A quadric surface is a surface with the equation \(Ax^2+By^2+Cz^2+Dxy+Exz+Fyz+Gx+Hy+Iz+J=0\). Depending on which coefficients are negative, positive, and zero, you can get ellipses, paraboloids, cylinders, cones, and hyperboloids out of this equation. What is interesting about quadric surfaces is that if you take a cross section of the surface, you can get a conic section (ellipse, parabola, or hyperbola) depending on how it's cut. The equation of the cross section is \(Ax^2+By^2+Cxy+Dx+Ey+F=0\). The way you find the equation of the cross section is a bit complicated. First, the equation of the quadric surface has to be simplified. If there is any \(G, H\), or \(I\), you must complete the square with the corresponding \(A, B,\) or \(C\). For any \(D, E\), or \(F\), you must replace \(x,y\),and \(z\) with the parameterized versions and use a \(\theta\) or \(\phi\) that will cancel out the \(xy, xz,\) and \(yz\). After that, put the equation of the plane in the form \(Ax + By + Cz = D\) and solve for one of the variables. Then, replace the variable in the simplified quadric surface equation and now you have the equation of a conic section. If there is any \(C, D\), or \(E\) in the conic section equation, do the same thing as before to get rid of them. After that, you have a recognizable formula for the cross section of the quadric surface.
 

The quadric surface I chose was a hyperboloid of one sheet with the equation \(\frac{x^2}{2^2} + \frac{y^2}{1^2}-\frac{z^2}{.5^2}=1\). This hyperboloid is twice as long in the \(x\) direction and half as tall in the \(z\) direction compared to a standard hyperboloid of one sheet. The intersecting plane is \(x+y+z=0\) which is a plane perpendicular to the vector [1,1,1]. The way my plane intersects the hyperboloid creates a hyperbola. Solving for \(z\) in the plane equation gets me \(z=-x-y\). Plugging that into the hyperboloid equation gets me \(\frac{x^2}{2^2} + \frac{y^2}{1^2}-\frac{(-x-y)^2}{.5^2}=1\). Simplifying gets \(\frac{-15x^2}{4} - 3y^2-8xy=1\). There is no \(D\) or \(E\) in this equation, so we just have to replace \(x\) and \(y\) with their parameterizations which are \(x=x\cos\theta-y\sin\theta\) and \(y=x\sin\theta+y\cos\theta\). The \(\theta\) needed for this simplification is \(\frac{1}{2}*\cot{\frac{-8}{-3.75+3}}\). I have no clue how to represent that in a better way, so from now on, we're gonna use decimal values rounded to four places. After plugging \(\theta\) in and simplifying, the equation we end up with is \(-7.3925x^2+.6425y^2=1\). This is the equation of a thin hyperbola with the vertices close to each other and on the y axis.

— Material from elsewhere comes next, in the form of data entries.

(* Let $i\in[n]$ and $M_i=\{\beta\in\Phi^+\mid\beta\ge\alpha_i\}$. If $M_i$ is an abelian ideal, then it is a maximal abelian ideal (with respect to inclusion).
   Context: $\Phi$ is a finite irreducible crystallographic root system with basis $\Pi=\{\alpha_1,\dots,\alpha_n\}$ and positive roots $\Phi^+$. The root poset is $\Phi^+$ with $\beta\ge\gamma$ iff $\beta-\gamma$ is a nonnegative integer combination of simple roots. An abelian ideal is a subset $I\subseteq\Phi^+$ closed upward in the root poset with $(I+I)\cap\Phi=\emptyset$. *)

theory Defs
  imports "HOL-Analysis.Analysis"
begin

definition root_system :: "'a::euclidean_space set \<Rightarrow> bool" where
  "root_system \<Phi> \<longleftrightarrow>
     finite \<Phi> \<and> 0 \<notin> \<Phi> \<and> span \<Phi> = UNIV \<and>
     (\<forall>\<alpha>\<in>\<Phi>. \<forall>\<beta>\<in>\<Phi>. \<beta> - (2 * (\<beta> \<bullet> \<alpha>) / (\<alpha> \<bullet> \<alpha>)) *\<^sub>R \<alpha> \<in> \<Phi>) \<and>
     (\<forall>\<alpha>\<in>\<Phi>. \<forall>\<beta>\<in>\<Phi>. 2 * (\<beta> \<bullet> \<alpha>) / (\<alpha> \<bullet> \<alpha>) \<in> \<int>) \<and>
     (\<forall>\<alpha>\<in>\<Phi>. \<forall>c::real. c *\<^sub>R \<alpha> \<in> \<Phi> \<longrightarrow> c = 1 \<or> c = -1)"

definition irreducible_rs :: "'a::euclidean_space set \<Rightarrow> bool" where
  "irreducible_rs \<Phi> \<longleftrightarrow>
     \<not> (\<exists>A B. A \<union> B = \<Phi> \<and> A \<inter> B = {} \<and> A \<noteq> {} \<and> B \<noteq> {} \<and>
            (\<forall>a\<in>A. \<forall>b\<in>B. a \<bullet> b = 0))"

definition simple_basis :: "'a::euclidean_space set \<Rightarrow> 'a set \<Rightarrow> bool" where
  "simple_basis \<Phi> \<Delta> \<longleftrightarrow>
     \<Delta> \<subseteq> \<Phi> \<and> independent \<Delta> \<and>
     (\<forall>\<beta>\<in>\<Phi>. \<exists>c::'a \<Rightarrow> int. \<beta> = (\<Sum>\<alpha>\<in>\<Delta>. of_int (c \<alpha>) *\<^sub>R \<alpha>) \<and>
                 ((\<forall>\<alpha>\<in>\<Delta>. c \<alpha> \<ge> 0) \<or> (\<forall>\<alpha>\<in>\<Delta>. c \<alpha> \<le> 0)))"

definition nonneg_comb :: "'a::euclidean_space set \<Rightarrow> 'a \<Rightarrow> bool" where
  "nonneg_comb \<Delta> v \<longleftrightarrow> (\<exists>c::'a \<Rightarrow> nat. v = (\<Sum>\<alpha>\<in>\<Delta>. of_nat (c \<alpha>) *\<^sub>R \<alpha>))"

definition pos_roots :: "'a::euclidean_space set \<Rightarrow> 'a set \<Rightarrow> 'a set" where
  "pos_roots \<Phi> \<Delta> = {\<beta>\<in>\<Phi>. nonneg_comb \<Delta> \<beta>}"

text \<open>Root poset order: \<open>root_le \<Delta> \<gamma> \<beta>\<close> means \<open>\<gamma> \<le> \<beta>\<close>.\<close>
definition root_le :: "'a::euclidean_space set \<Rightarrow> 'a \<Rightarrow> 'a \<Rightarrow> bool" where
  "root_le \<Delta> \<gamma> \<beta> \<longleftrightarrow> nonneg_comb \<Delta> (\<beta> - \<gamma>)"

definition abelian_ideal :: "'a::euclidean_space set \<Rightarrow> 'a set \<Rightarrow> 'a set \<Rightarrow> bool" where
  "abelian_ideal \<Phi> \<Delta> I \<longleftrightarrow>
     I \<subseteq> pos_roots \<Phi> \<Delta> \<and>
     (\<forall>\<beta>\<in>I. \<forall>\<gamma>\<in>pos_roots \<Phi> \<Delta>. root_le \<Delta> \<beta> \<gamma> \<longrightarrow> \<gamma> \<in> I) \<and>
     (\<forall>\<beta>\<in>I. \<forall>\<gamma>\<in>I. \<beta> + \<gamma> \<notin> \<Phi>)"

definition maximal_abelian_ideal :: "'a::euclidean_space set \<Rightarrow> 'a set \<Rightarrow> 'a set \<Rightarrow> bool" where
  "maximal_abelian_ideal \<Phi> \<Delta> I \<longleftrightarrow>
     abelian_ideal \<Phi> \<Delta> I \<and> (\<forall>J. abelian_ideal \<Phi> \<Delta> J \<and> I \<subseteq> J \<longrightarrow> J = I)"

end

theory Submission
  imports Defs
begin

text \<open>
  Let \<open>J\<close> be an abelian ideal containing \<open>M = {\<beta> \<in> \<Phi>\<^sup>+. \<beta> \<ge> \<alpha>}\<close>; then \<open>\<alpha> \<in> J\<close>. A root of
  \<open>J\<close> outside \<open>M\<close> has \<open>\<alpha>\<close>-coordinate \<open>0\<close>, so if there is one we may pick such a root \<open>\<delta> \<in> J\<close>
  of maximal height. Then \<open>\<delta>\<close> is dominant: if \<open>\<delta> \<bullet> a < 0\<close> for a simple root \<open>a\<close>, then
  \<open>\<delta> + a\<close> is a root; for \<open>a = \<alpha>\<close> this contradicts commutativity of \<open>J\<close>, and otherwise
  \<open>\<delta> + a \<in> J\<close> is higher with \<open>\<alpha>\<close>-coordinate \<open>0\<close>. Since distinct simple roots have
  non-positive inner product, the support \<open>S\<close> of a dominant root is orthogonal to \<open>\<Delta> - S\<close>.
  But \<open>S\<close> is nonempty and misses \<open>\<alpha>\<close>, so the Dynkin diagram is disconnected, contradicting
  irreducibility: every root is supported either in \<open>S\<close> or in \<open>\<Delta> - S\<close>, which is shown
  by induction on the height.
\<close>

locale based_root_system =
  fixes \<Phi> \<Delta> :: "'a::euclidean_space set"
  assumes root_system: "root_system \<Phi>" and simple_basis: "simple_basis \<Phi> \<Delta>"
begin

lemma finite_roots: "finite \<Phi>"
  using root_system by (simp add: root_system_def)

lemma zero_not_root: "0 \<notin> \<Phi>"
  using root_system by (simp add: root_system_def)

lemma reflection_in_roots:
  "\<alpha> \<in> \<Phi> \<Longrightarrow> \<beta> \<in> \<Phi> \<Longrightarrow> \<beta> - (2 * (\<beta> \<bullet> \<alpha>) / (\<alpha> \<bullet> \<alpha>)) *\<^sub>R \<alpha> \<in> \<Phi>"
  using root_system by (simp add: root_system_def)

lemma cartan_integer: "\<alpha> \<in> \<Phi> \<Longrightarrow> \<beta> \<in> \<Phi> \<Longrightarrow> 2 * (\<beta> \<bullet> \<alpha>) / (\<alpha> \<bullet> \<alpha>) \<in> \<int>"
  using root_system by (simp add: root_system_def)

lemma root_multiple: "\<alpha> \<in> \<Phi> \<Longrightarrow> c *\<^sub>R \<alpha> \<in> \<Phi> \<Longrightarrow> c = 1 \<or> c = -1"
  using root_system by (simp add: root_system_def)

lemma simple_subset_roots: "\<Delta> \<subseteq> \<Phi>"
  using simple_basis by (simp add: simple_basis_def)

lemma finite_simple: "finite \<Delta>"
  using simple_subset_roots finite_roots finite_subset by blast

lemma independent_simple: "independent \<Delta>"
  using simple_basis by (simp add: simple_basis_def)

lemma root_inner_self_pos: "\<beta> \<in> \<Phi> \<Longrightarrow> 0 < \<beta> \<bullet> \<beta>"
  using zero_not_root by auto

lemma reflection_self: "\<alpha> \<in> \<Phi> \<Longrightarrow> \<beta> \<in> \<Phi> \<Longrightarrow> \<beta> \<bullet> \<alpha> = \<alpha> \<bullet> \<alpha> \<Longrightarrow> \<beta> - 2 *\<^sub>R \<alpha> \<in> \<Phi>"
  using reflection_in_roots[of \<alpha> \<beta>] root_inner_self_pos[of \<alpha>] by simp

lemma uminus_root: "\<beta> \<in> \<Phi> \<Longrightarrow> - \<beta> \<in> \<Phi>"
  using reflection_self[of \<beta> \<beta>] by (simp add: scaleR_2)

lemma abs_inner_less_norm_mult:
  assumes \<beta>: "\<beta> \<in> \<Phi>" and \<gamma>: "\<gamma> \<in> \<Phi>" and "\<beta> \<noteq> \<gamma>" "\<beta> \<noteq> - \<gamma>"
  shows "\<bar>\<beta> \<bullet> \<gamma>\<bar> < norm \<beta> * norm \<gamma>"
proof -
  have "\<bar>\<beta> \<bullet> \<gamma>\<bar> \<noteq> norm \<beta> * norm \<gamma>"
  proof
    assume "\<bar>\<beta> \<bullet> \<gamma>\<bar> = norm \<beta> * norm \<gamma>"
    then have "norm \<beta> *\<^sub>R \<gamma> = norm \<gamma> *\<^sub>R \<beta> \<or> norm \<beta> *\<^sub>R \<gamma> = (- norm \<gamma>) *\<^sub>R \<beta>"
      by (simp add: norm_cauchy_schwarz_abs_eq)
    moreover have "norm \<beta> \<noteq> 0"
      using \<beta> zero_not_root by auto
    ultimately obtain c where "\<gamma> = c *\<^sub>R \<beta>"
      by (metis eq_vector_fraction_iff)
    then have "c = 1 \<or> c = -1"
      using root_multiple \<beta> \<gamma> by blast
    then show False
      using \<open>\<gamma> = c *\<^sub>R \<beta>\<close> assms(3,4) by auto
  qed
  then show ?thesis
    using Cauchy_Schwarz_ineq2[of \<beta> \<gamma>] by linarith
qed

  The reason I chose this quadric surface and intersection is because I think that hyperbolas are the least utilized conic section. Sure, circles, ellipses, and parabolas have more real world practicality, but hyperbolas can be used to locate a point given its distance to three other points. A circle can't do that. As for the quadric surface, a hyperboloid is just a hyperbola rotated about its axis. So now, I get to demonstrate how to find the cross section of a quadric surface using not only a hyperbola, but also what is basically a hyperbola in 3D. I chose the coefficients for the hyperboloid and the intersecting plane to make finding the conic section a little more challenging. A standard hyperboloid and a level plane would be able to demonstrate how conic sections are found, but adding coefficients brings in a few more obstacles to tackle.